The principal purpose of the Audit Committee is to assist the Board in discharging its responsibilities to monitor the integrity of the Group’s Financial Statements. In addition, the Committee reviews the adequacy and effectiveness of the Group’s systems of internal control, monitors the effectiveness, performance and objectivity of the Internal and External Auditors, and evaluates SLT’s revenue assurance capabilities and risk assessment.
The Committee also reviews the internal controls and risk management of subsidiary companies except Mobitel (Pvt) Ltd., which has its own Audit Committee.
The Committee has conducted its affairs in compliance with the Terms of Reference.
The Committee comprises three Directors of whom two are independent Directors, biographical details are set out in the section on Board of Directors.
Mr Kanishka Senanayake (Chairman)
(Appointed with effect from 18 October 2018)
Ms Lai Choon Foong
Ms Nilanthi Pieris
Mr A R Desapriya ceased to be a member of the Committee consequent to his resignation from the Board of Directors with effect from 19 June 2018.
Ms Lai Choon Foong stepped down as the Chairperson of the Audit Committee with effect from 18 October 2018 and Mr Kanishka Senanayake was appointed as the Chairman effective that date.
Ms Lai Choon Foong is a member of professional accounting bodies. The Committee members have a good mix of skills, expertise and experience in commercial, telecommunications, financial and audit matters due to the current or previous senior positions in other organisations.
The following persons attend all meetings of the Committee by invitation:
Other members of Senior Management may be invited to attend as appropriate, to present reports and provide response to audit issues presented to the Committee.

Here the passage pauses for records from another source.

lemma lagrange_denom_nonzero:
  "inj_on lam {..<d} \<Longrightarrow> i < d \<Longrightarrow> lagrange_denom lam d i \<noteq> 0"
  unfolding lagrange_denom_def by (auto simp: inj_on_def)

lemma degree_lagrange_basis: "i < d \<Longrightarrow> degree (lagrange_basis lam d i) = d - 1"
  unfolding lagrange_basis_def by (simp add: degree_prod_linear)

lemma coeff_lagrange_basis: "i < d \<Longrightarrow> coeff (lagrange_basis lam d i) (d - 1) = 1"
  using coeff_prod_linear_card[of "{..<d}-{i}" lam] unfolding lagrange_basis_def by simp

lemma poly_lagrange_basis:
  "k < d \<Longrightarrow> poly (lagrange_basis lam d i) (lam k) = (if k = i then lagrange_denom lam d i else 0)"
  unfolding lagrange_basis_def lagrange_denom_def poly_prod by auto

lemma lagrange_interpolation:
  assumes inj: "inj_on lam {..<d}" and deg: "degree P < d"
  shows "P = (\<Sum>i<d. smult (poly P (lam i) / lagrange_denom lam d i) (lagrange_basis lam d i))"
proof (rule poly_eqI_degree)
  show "poly P x = poly (\<Sum>i<d. smult (poly P (lam i) / lagrange_denom lam d i) (lagrange_basis lam d i)) x"
    if "x \<in> lam ` {..<d}" for x
  proof -
    from that obtain k where k: "k < d" "x = lam k" by blast
    have "(\<Sum>i<d. poly P (lam i) / lagrange_denom lam d i * poly (lagrange_basis lam d i) (lam k))
        = (\<Sum>i<d. if i = k then poly P (lam k) else 0)"
      using k lagrange_denom_nonzero[OF inj] by (intro sum.cong) (auto simp: poly_lagrange_basis)
    then show ?thesis using k by (simp add: poly_sum)
  qed
  show "degree P < card (lam ` {..<d})"
    using deg inj by (simp add: card_image)
  have "degree (\<Sum>i<d. smult (poly P (lam i) / lagrange_denom lam d i) (lagrange_basis lam d i)) < d"
    if "d > 0"
    using that by (intro degree_sum_less) (auto intro: le_less_trans[OF degree_smult_le] simp: degree_lagrange_basis)
  then show "degree (\<Sum>i<d. smult (poly P (lam i) / lagrange_denom lam d i) (lagrange_basis lam d i))
      < card (lam ` {..<d})"
    using deg inj by (cases "d = 0") (auto simp: card_image)
qed

lemma sum_div_lagrange_denom_eq_coeff:
  assumes inj: "inj_on lam {..<d}" and deg: "degree P < d"
  shows "(\<Sum>i<d. poly P (lam i) / lagrange_denom lam d i) = coeff P (d - 1)"
proof -
  have "coeff P (d - 1) = (\<Sum>i<d. poly P (lam i) / lagrange_denom lam d i * coeff (lagrange_basis lam d i) (d - 1))"
    by (subst lagrange_interpolation[OF inj deg]) (simp add: coeff_sum)
  also have "\<dots> = (\<Sum>i<d. poly P (lam i) / lagrange_denom lam d i)"
    by (intro sum.cong refl) (simp add: coeff_lagrange_basis del: One_nat_def)
  finally show ?thesis ..
qed

lemma sum_power_div_lagrange_denom:
  assumes "inj_on lam {..<d}" "k < d"
  shows "(\<Sum>i<d. lam i ^ k / lagrange_denom lam d i) = (if k = d - 1 then 1 else 0)"
  using sum_div_lagrange_denom_eq_coeff[OF assms(1), of "monom 1 k"] assms(2)
  by (simp add: poly_monom degree_monom_eq coeff_monom)

lemma sum_power_degree_div_lagrange_denom:
  assumes inj: "inj_on lam {..<d}" and d: "d \<ge> 1"
  shows "(\<Sum>i<d. lam i ^ d / lagrange_denom lam d i) = (\<Sum>i<d. lam i)"
proof -
  define R where "R = (\<Prod>j\<in>{..<d}. [:-lam j, 1:])"
  define P where "P = monom 1 d - R"
  have deg_R: "degree R = d" and lead_R: "coeff R d = 1"
    using degree_prod_linear[of "{..<d}" lam] coeff_prod_linear_card[of "{..<d}" lam]
    by (simp_all add: R_def)
  have deg_P: "degree P < d"
  proof -
    have "coeff P n = 0" if "n \<ge> d" for n
    proof (cases "n = d")
      case True
      then show ?thesis using deg_R lead_R by (simp add: P_def)
    qed (use that deg_R in \<open>simp add: P_def coeff_monom coeff_eq_0\<close>)
    then have "degree P \<le> d - 1" by (intro degree_le) auto
    with d show ?thesis by linarith
  qed
  have "(\<Sum>i<d. lam i ^ d / lagrange_denom lam d i) = (\<Sum>i<d. poly P (lam i) / lagrange_denom lam d i)"
    by (intro sum.cong) (auto simp: P_def R_def poly_monom poly_prod intro: prod_zero)
  also have "\<dots> = coeff P (d - 1)"
    by (rule sum_div_lagrange_denom_eq_coeff[OF inj deg_P])
  also have "\<dots> = (\<Sum>i<d. lam i)"
    using coeff_prod_linear_subleading[of "{..<d}" lam] d
    by (simp add: P_def R_def coeff_monom lessThan_empty_iff)
  finally show ?thesis .
qed

lemma weighted_sum_poly_eq_coeff:
  fixes lam w :: "nat \<Rightarrow> real"
  assumes power_sums: "\<forall>k<d. (\<Sum>i<n. w i * lam i ^ k) = (if k = d - 1 then 1 else 0)"
    and deg: "degree P < d"
  shows "(\<Sum>i<n. w i * poly P (lam i)) = coeff P (d - 1)"
proof -
  have poly_P: "poly P x = (\<Sum>k<d. coeff P k * x ^ k)" for x
    unfolding poly_altdef using deg by (intro sum.mono_neutral_left) (auto simp: coeff_eq_0)
  have "(\<Sum>i<n. w i * poly P (lam i)) = (\<Sum>i<n. \<Sum>k<d. coeff P k * (w i * lam i ^ k))"
    unfolding poly_P by (simp add: sum_distrib_left mult_ac)
  also have "\<dots> = (\<Sum>k<d. coeff P k * (\<Sum>i<n. w i * lam i ^ k))"
    by (subst sum.swap) (simp add: sum_distrib_left)
  also have "\<dots> = (\<Sum>k<d. if k = d - 1 then coeff P k else 0)"
    using power_sums by (intro sum.cong) auto
  also have "\<dots> = coeff P (d - 1)"
    using deg by (simp add: sum.delta)
  finally show ?thesis .
qed

lemma card_support_nodes_ge:
  fixes lam w :: "nat \<Rightarrow> real"
  assumes power_sums: "\<forall>k<d. (\<Sum>i<n. w i * lam i ^ k) = (if k = d - 1 then 1 else 0)"
    and d: "d \<ge> 1"
  shows "d \<le> card (lam ` {i. i < n \<and> w i \<noteq> 0})"
proof (rule ccontr)
  define \<Lambda> where "\<Lambda> = lam ` {i. i < n \<and> w i \<noteq> 0}"
  assume "\<not> d \<le> card (lam ` {i. i < n \<and> w i \<noteq> 0})"
  then have card_\<Lambda>: "card \<Lambda> < d" unfolding \<Lambda>_def by simp
  have fin: "finite \<Lambda>" unfolding \<Lambda>_def by simp
  define R where "R = (\<Prod>\<mu>\<in>\<Lambda>. [:-\<mu>, 1:])"
  define P where "P = monom 1 (d - 1 - card \<Lambda>) * R"
  have deg_R: "degree R = card \<Lambda>" and lead_R: "lead_coeff R = 1"
    unfolding R_def using fin by (simp_all add: degree_prod_linear coeff_prod_linear_card)
  then have "R \<noteq> 0" by auto
  then have deg_P: "degree P = d - 1"
    unfolding P_def using deg_R card_\<Lambda> by (subst degree_mult_eq) (auto simp: degree_monom_eq)
  moreover have "lead_coeff P = 1"
    unfolding P_def lead_coeff_mult using deg_R lead_R by (simp add: degree_monom_eq)
  ultimately have "coeff P (d - 1) = 1" by simp
  moreover have "w i * poly P (lam i) = 0" if "i < n" for i
    using that fin by (cases "w i = 0") (auto simp: P_def R_def \<Lambda>_def poly_prod)
  then have "(\<Sum>i<n. w i * poly P (lam i)) = 0" by (intro sum.neutral) simp
  ultimately show False
    using weighted_sum_poly_eq_coeff[OF power_sums] deg_P d by simp
qed

lemma weight_eq_inverse_lagrange_denom:
  fixes lam w :: "nat \<Rightarrow> real"
  assumes power_sums: "\<forall>k<d. (\<Sum>i<d. w i * lam i ^ k) = (if k = d - 1 then 1 else 0)"
    and i: "i < d"
  shows "w i = 1 / lagrange_denom lam d i"
proof -
  have "1 = coeff (lagrange_basis lam d i) (d - 1)"
    using coeff_lagrange_basis[OF i] by simp
  also have "\<dots> = (\<Sum>k<d. w k * poly (lagrange_basis lam d i) (lam k))"
    using i by (intro weighted_sum_poly_eq_coeff[symmetric, OF power_sums]) (simp add: degree_lagrange_basis)
  also have "\<dots> = (\<Sum>k<d. if k = i then w i * lagrange_denom lam d i else 0)"
    by (intro sum.cong) (auto simp: poly_lagrange_basis)
  also have "\<dots> = w i * lagrange_denom lam d i"
    using i by simp
  finally show ?thesis
    by (metis divide_self_if mult_eq_0_iff nonzero_eq_divide_eq zero_neq_one)
qed

definition moment :: "nat \<Rightarrow> (real \<times> real \<times> real) list \<Rightarrow> nat \<Rightarrow> real" where
  "moment d ts k = (\<Sum>(c, a, b)\<leftarrow>ts. c * a ^ k * b ^ (d - k))"

lemma rank_one_term_binomial:
  "rank_one_term d (c, a, b) x y = (\<Sum>k\<le>d. of_nat (d choose k) * x ^ k * y ^ (d - k) * (c * a ^ k * b ^ (d - k)))"
  unfolding rank_one_term_def binomial_ring
  by (simp add: sum_distrib_left power_mult_distrib mult_ac)

lemma sum_rank_one_terms_binomial:
  "(\<Sum>t\<leftarrow>ts. rank_one_term d t x y) = (\<Sum>k\<le>d. of_nat (d choose k) * x ^ k * y ^ (d - k) * moment d ts k)"
proof (induction ts)
  case (Cons t ts)
  obtain c a b where "t = (c, a, b)" by (cases t)
  with Cons show ?case
    by (simp add: moment_def rank_one_term_binomial sum.distrib distrib_left)
qed (simp add: moment_def)

lemma binomial_form_coeffs_unique:
  fixes A B :: "nat \<Rightarrow> real"
  assumes eq: "\<And>x y. (\<Sum>k\<le>d. of_nat (d choose k) * x ^ k * y ^ (d - k) * A k)
                    = (\<Sum>k\<le>d. of_nat (d choose k) * x ^ k * y ^ (d - k) * B k)"
    and k: "k \<le> d"
  shows "A k = B k"
proof -
  define Q where "Q = (\<Sum>j\<le>d. monom (of_nat (d choose j) * (A j - B j)) j)"
  have "poly Q x = (\<Sum>j\<le>d. of_nat (d choose j) * x ^ j * 1 ^ (d - j) * A j)
      - (\<Sum>j\<le>d. of_nat (d choose j) * x ^ j * 1 ^ (d - j) * B j)" for x
    unfolding Q_def poly_sum poly_monom sum_subtractf[symmetric]
    by (intro sum.cong) (simp_all add: algebra_simps)
  then have "poly Q x = 0" for x
    using eq[of x 1] by simp
  then have "Q = 0" using poly_all_0_iff_0 by blast
  then have "coeff Q k = 0" by simp
  then have "of_nat (d choose k) * (A k - B k) = 0"
    unfolding Q_def coeff_sum coeff_monom using k by (simp add: sum.delta)
  with k show ?thesis by simp
qed

lemma is_sym_decomp_binomial_iff:
  "is_sym_decomp d (\<lambda>x y. \<Sum>k\<le>d. of_nat (d choose k) * x ^ k * y ^ (d - k) * A k) ts
    \<longleftrightarrow> (\<forall>k\<le>d. moment d ts k = A k)"
  unfolding is_sym_decomp_def sum_rank_one_terms_binomial
  using binomial_form_coeffs_unique[of d "moment d ts" A] by auto

lemma is_sym_decomp_mset_cong:
  assumes "mset (map (rank_one_term d) ts) = mset (map (rank_one_term d) ts')"
  shows "is_sym_decomp d f ts \<longleftrightarrow> is_sym_decomp d f ts'"
proof -
  have "(\<Sum>t\<leftarrow>ts. rank_one_term d t x y) = (\<Sum>t\<leftarrow>ts'. rank_one_term d t x y)" for x y
    using arg_cong[OF assms, of "\<lambda>M. \<Sum>\<^sub># (image_mset (\<lambda>g. g x y) M)"]
    by (simp add: sum_mset_sum_list comp_def flip: mset_map)
  then show ?thesis unfolding is_sym_decomp_def by simp
qed

definition tangent_form :: "nat \<Rightarrow> real \<Rightarrow> real \<Rightarrow> real \<Rightarrow> real" where
  "tangent_form d \<alpha> = (\<lambda>x y. x ^ (d - 1) * (\<alpha> * x + real d * y))"

definition tangent_moment :: "nat \<Rightarrow> real \<Rightarrow> nat \<Rightarrow> real" where
  "tangent_moment d \<alpha> k = (if k = d then \<alpha> else if k = d - 1 then 1 else 0)"

lemma tangent_form_binomial:
  assumes "d \<ge> 1"
  shows "tangent_form d \<alpha>
    = (\<lambda>x y. \<Sum>k\<le>d. of_nat (d choose k) * x ^ k * y ^ (d - k) * tangent_moment d \<alpha> k)"
proof (intro ext)
  fix x y :: real
  obtain m where d: "d = Suc m" using assms by (cases d) auto
  have "(\<Sum>k\<le>d. of_nat (d choose k) * x ^ k * y ^ (d - k) * tangent_moment d \<alpha> k)
      = (\<Sum>k<m. of_nat (d choose k) * x ^ k * y ^ (d - k) * tangent_moment d \<alpha> k)
        + real d * x ^ m * y + \<alpha> * x ^ d"
    by (simp add: d tangent_moment_def flip: lessThan_Suc_atMost)
  also have "(\<Sum>k<m. of_nat (d choose k) * x ^ k * y ^ (d - k) * tangent_moment d \<alpha> k) = 0"
    by (simp add: d tangent_moment_def)
  finally show "tangent_form d \<alpha> x y
      = (\<Sum>k\<le>d. of_nat (d choose k) * x ^ k * y ^ (d - k) * tangent_moment d \<alpha> k)"
    by (simp add: tangent_form_def d algebra_simps)
qed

The Company Secretary functions as the Secretary of the Committee.
The Committee met 8 times during the year 2018. The attendance of the Directors at the Committee meetings is given in the section on Corporate Governance of the Annual Report.
The activities and views of the Committee have been communicated to the Board of Directors through verbal briefings and by tabling the minutes of the Committee meetings.
The Committee assists the Board of Directors to fulfil its responsibilities relating to the adequacy and effectiveness of the control environment, control over financial reporting and the Group’s compliance to the CSE Listing Rules and Corporate Governance Code Jointly issued by The Institute of Chartered Accountants of Sri Lanka and SEC.
To fulfil these duties, the Committee reviewed:
The Committee assists the Board to fulfil its responsibilities by ensuring the capability of the internal audit function and adequacy of its plans and resources. It reviews the annual internal audit plan, its purpose and responsibilities to ensure they are appropriate to meet the Company’s needs.
To fulfil its duties, the Committee also considered;
The Committee reviews the effectiveness of the Revenue Assurance (RA) function in monitoring the existing systems in place, evaluating the risk of revenue leakages, detecting and minimising fraud, and initiating timely corrective action to resolve issues.
SLT focuses on risk management in the strategic, operational, compliance and financial areas.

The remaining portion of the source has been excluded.